He who has learned to look to God in everything he does is at the same time diverted from all vain thoughts.
Men will never worship God with a sincere heart, or be roused to fear and obey Him with sufficient zeal, until they properly understand how much they are indebted to His mercy.
The Scriptures should be read with the aim of finding Christ in them. Whoever turns aside from this object, even though he wears himself out all his life in learning, he will never reach the knowledge of the truth.
The Lord has given us a table at which to feast, not an altar on which a victim is to be offered; He has not consecrated priests to make sacrifice, but servants to distribute the sacred feast.
Lawful worship consists in obedience alone.
Whomever the Lord has adopted and deemed worthy of His fellowship ought to prepare themselves for a hard, toilsome, and unquiet life, crammed with very many and various kinds of evil.
For it is better, with closed eyes, to follow God as our guide, than, by relying on our own prudence, to wander through those circuitous paths which it devises for us.
The church is the gathering of God’s children, where they can be helped and fed like babies and then guided by her motherly care, grow up to manhood in maturity of faith.
The gospel is not a doctrine of the tongue, but of life. It cannot be grasped by reason and memory only, but it is fully understood when it possesses the whole soul and penetrates to the inner recesses of the heart.
Joy and thanksgiving expressed in prayer and praise according to the Word of God are the heart of the Church’s worship.
The unborn baby, though enclosed in the womb of its mother, is already a human being, and should not be robbed of the life which it has not yet begun to enjoy.
To will is human, to will the bad is of fallen nature, but to will the good is of Grace.
The whole gospel is contained in Christ.
There is no place for faith if we expect God to fulfill immediately what he promises.
I exhort all, who reverence the Word of the Lord, to read it, and diligently imprint it on their memory.

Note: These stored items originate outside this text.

lemma lattice_isometric_linf_of_disjoint_pieces:
  assumes F: "F \<in> X" "\<And>w. 0 \<le> F w" "N F = 1"
    and D: "\<And>j. D j \<in> sets M" "disjoint_family D"
    and pieces: "(\<lambda>j. N (\<lambda>w. F w * indicator (D j) w)) \<longlonglongrightarrow> 1"
  shows "lattice_isometric_linf M X N (\<lambda>s w. s (fst (prod_decode (LEAST j. w \<in> D j))) * F w)"
    (is "lattice_isometric_linf M X N ?T")
proof -
  note [measurable] = D(1)
  \<comment> \<open>Outside all D j the index is the junk value LEAST of an empty set; there only the
    bound by the supremum of |s| matters.\<close>
  define idx where "idx = (\<lambda>w. fst (prod_decode (LEAST j. w \<in> D j)))"
  have idx_piece: "idx w = fst (prod_decode j)" if "w \<in> D j" for w j
  proof -
    have "(LEAST j. w \<in> D j) = j"
    proof (rule Least_equality)
      fix i assume "w \<in> D i"
      then have "i = j"
        using that D(2) unfolding disjoint_family_on_def by blast
      then show "j \<le> i"
        by simp
    qed fact
    then show ?thesis
      by (simp add: idx_def)
  qed
  have "(\<lambda>w. LEAST j. w \<in> D j) \<in> measurable M (count_space UNIV)"
    by measurable
  then have "idx \<in> measurable M (count_space UNIV)"
    unfolding idx_def by (rule measurable_compose) simp
  note norm = N_spread_eq_SUP[OF F D(1) pieces this idx_piece, unfolded idx_def]
  show ?thesis
    unfolding lattice_isometric_linf_def
  proof (intro conjI allI impI)
    fix s t :: "nat \<Rightarrow> real" and c :: real
    show "bounded (range s) \<Longrightarrow> ?T s \<in> X" "bounded (range s) \<Longrightarrow> N (?T s) = (SUP n. \<bar>s n\<bar>)"
      using norm by blast+
    show "AE w in M. ?T (\<lambda>n. s n + t n) w = ?T s w + ?T t w"
      by (intro AE_I2) (simp add: distrib_right)
    show "AE w in M. ?T (\<lambda>n. c * s n) w = c * ?T s w"
      by (intro AE_I2) (simp add: mult.assoc)
    show "AE w in M. ?T (\<lambda>n. max (s n) (t n)) w = max (?T s w) (?T t w)"
      by (intro AE_I2) (simp add: max_mult_distrib_right F(2))
  qed
qed

lemma order_cont_part_localize:
  assumes A: "is_support M Xa A" and F: "F \<in> borel_measurable M"
    and Z: "Z \<in> sets M" "Z \<subseteq> A" "Z \<notin> null_sets M"
  obtains C where "C \<in> sets M" "C \<subseteq> Z" "C \<notin> null_sets M" "(\<lambda>w. F w * indicator C w) \<in> Xa"
proof -
  obtain g where g: "g \<in> Xa" and nonzero: "\<not> (AE w in M. w \<in> Z \<longrightarrow> g w = 0)"
    using is_support_nonvanishing[OF A Z] by blast
  have g_meas: "g \<in> borel_measurable M"
    using g order_cont_part_subset X_measurable by blast
  obtain n where C: "{w \<in> Z. \<bar>F w\<bar> \<le> real n * \<bar>g w\<bar>} \<in> sets M"
    "{w \<in> Z. \<bar>F w\<bar> \<le> real n * \<bar>g w\<bar>} \<notin> null_sets M"
    by (rule exists_nonnull_dominated_subset[OF F g_meas Z(1) nonzero])
  show thesis
  proof (rule that[OF C(1) _ C(2)])
    show "(\<lambda>w. F w * indicator {w \<in> Z. \<bar>F w\<bar> \<le> real n * \<bar>g w\<bar>} w) \<in> Xa"
    proof (rule order_cont_part_ideal[OF order_cont_part_scale[OF g, of "real n"]])
      show "(\<lambda>w. F w * indicator {w \<in> Z. \<bar>F w\<bar> \<le> real n * \<bar>g w\<bar>} w) \<in> borel_measurable M"
        using F C(1) by measurable
      show "AE w in M. \<bar>F w * indicator {w \<in> Z. \<bar>F w\<bar> \<le> real n * \<bar>g w\<bar>} w\<bar> \<le> \<bar>real n * g w\<bar>"
        by (intro AE_I2) (auto simp: indicator_def abs_mult)
    qed
  qed auto
qed
locale fork_dart_free =
  fixes V :: "'a set" and E :: "'a \<Rightarrow> 'a \<Rightarrow> bool"
  assumes simple: "simple_graph V E"
    and fork_free: "\<not> has_induced V E 5 fork_edge"
    and dart_free: "\<not> has_induced V E 5 dart_edge"
begin

lemma finite_V: "finite V"
  using simple unfolding simple_graph_def by blast

lemma adj_commute: "E x y \<longleftrightarrow> E y x"
  using simple unfolding simple_graph_def by blast

lemma adj_sym: "E x y \<Longrightarrow> E y x"
  using simple unfolding simple_graph_def by blast

lemma no_loop: "\<not> E x x"
  using simple unfolding simple_graph_def by blast

lemma adj_in_V: "E x y \<Longrightarrow> x \<in> V"
  using simple unfolding simple_graph_def by blast

lemma symp_E: "symp E"
  using adj_sym by (rule sympI)

lemma irreflp_E: "irreflp E"
  using no_loop by (rule irreflpI)

text \<open>The fork with centre c, leaves a and b, and the path c, m, e.\<close>

lemma no_fork:
  assumes "E c a" "E c b" "E c m" "E m e"
    and "\<not> E a b" "\<not> E a m" "\<not> E a e" "\<not> E b m" "\<not> E b e" "\<not> E c e" "a \<noteq> b"
  shows False
proof -
  have "has_induced V E (length [c, a, b, e, m]) fork_edge"
  proof (rule has_induced_listI)
    show "distinct [c, a, b, e, m]"
      using assms no_loop adj_commute by auto
    show "set [c, a, b, e, m] \<subseteq> V"
      using assms adj_in_V adj_commute by auto
    show "\<forall>i<length [c, a, b, e, m]. \<forall>j<length [c, a, b, e, m].
        E ([c, a, b, e, m] ! i) ([c, a, b, e, m] ! j) \<longleftrightarrow> fork_edge i j"
      using assms by (simp add: All_less_Suc numeral_eq_Suc fork_edge_def doubleton_eq_iff
          adj_commute no_loop)
  qed
  then show False
    using fork_free by (simp add: eval_nat_numeral)
qed

text \<open>The dart with centre c, the pendant vertex v, and the vertex t adjacent to c, l and r.\<close>

lemma no_dart:
  assumes "E c v" "E c l" "E c r" "E t c" "E t l" "E t r"
    and "\<not> E v l" "\<not> E v r" "\<not> E l r" "\<not> E t v" "l \<noteq> r"
  shows False
proof -
  have "has_induced V E (length [c, v, l, r, t]) dart_edge"
  proof (rule has_induced_listI)
    show "distinct [c, v, l, r, t]"
      using assms no_loop adj_commute by auto
    show "set [c, v, l, r, t] \<subseteq> V"
      using assms adj_in_V adj_commute by auto
    show "\<forall>i<length [c, v, l, r, t]. \<forall>j<length [c, v, l, r, t].
        E ([c, v, l, r, t] ! i) ([c, v, l, r, t] ! j) \<longleftrightarrow> dart_edge i j"
      using assms by (simp add: All_less_Suc numeral_eq_Suc dart_edge_def doubleton_eq_iff
          adj_commute no_loop)
  qed
  then show False
    using dart_free by (simp add: eval_nat_numeral)
qed

lemma P3_free_dart:
  assumes "E a b"
  shows "P3_free {x. E a x \<and> \<not> E x b} E"
  unfolding P3_free_def
proof (intro ballI impI)
  fix x y z assume xyz: "x \<in> {x. E a x \<and> \<not> E x b}" "y \<in> {x. E a x \<and> \<not> E x b}"
    "z \<in> {x. E a x \<and> \<not> E x b}" "E x y" "E y z" "x \<noteq> z"
  show "E x z"
  proof (rule ccontr)
    assume "\<not> E x z"
    then show False
      using xyz assms by - (rule no_dart[of a b x z y], simp_all add: adj_commute)
  qed
qed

For astronomy is not only pleasant, but also very useful to be known: it cannot be denied that this art unfolds the admirable wisdom of God.
We are not to reflect on the wickedness of men but to look to the image of God in them, an image which, covering and obliterating their faults, an image which, by its beauty and dignity, should allure us to love and embrace them.
How do we know that God has elected us before the creation of the world? By believing in Jesus Christ.
No one will calmly and quietly submit to bear the cross except those who have learned to seek their happiness beyond this world.
It behooves us to accomplish what God requires of us, even when we are in the greatest despair respecting the results.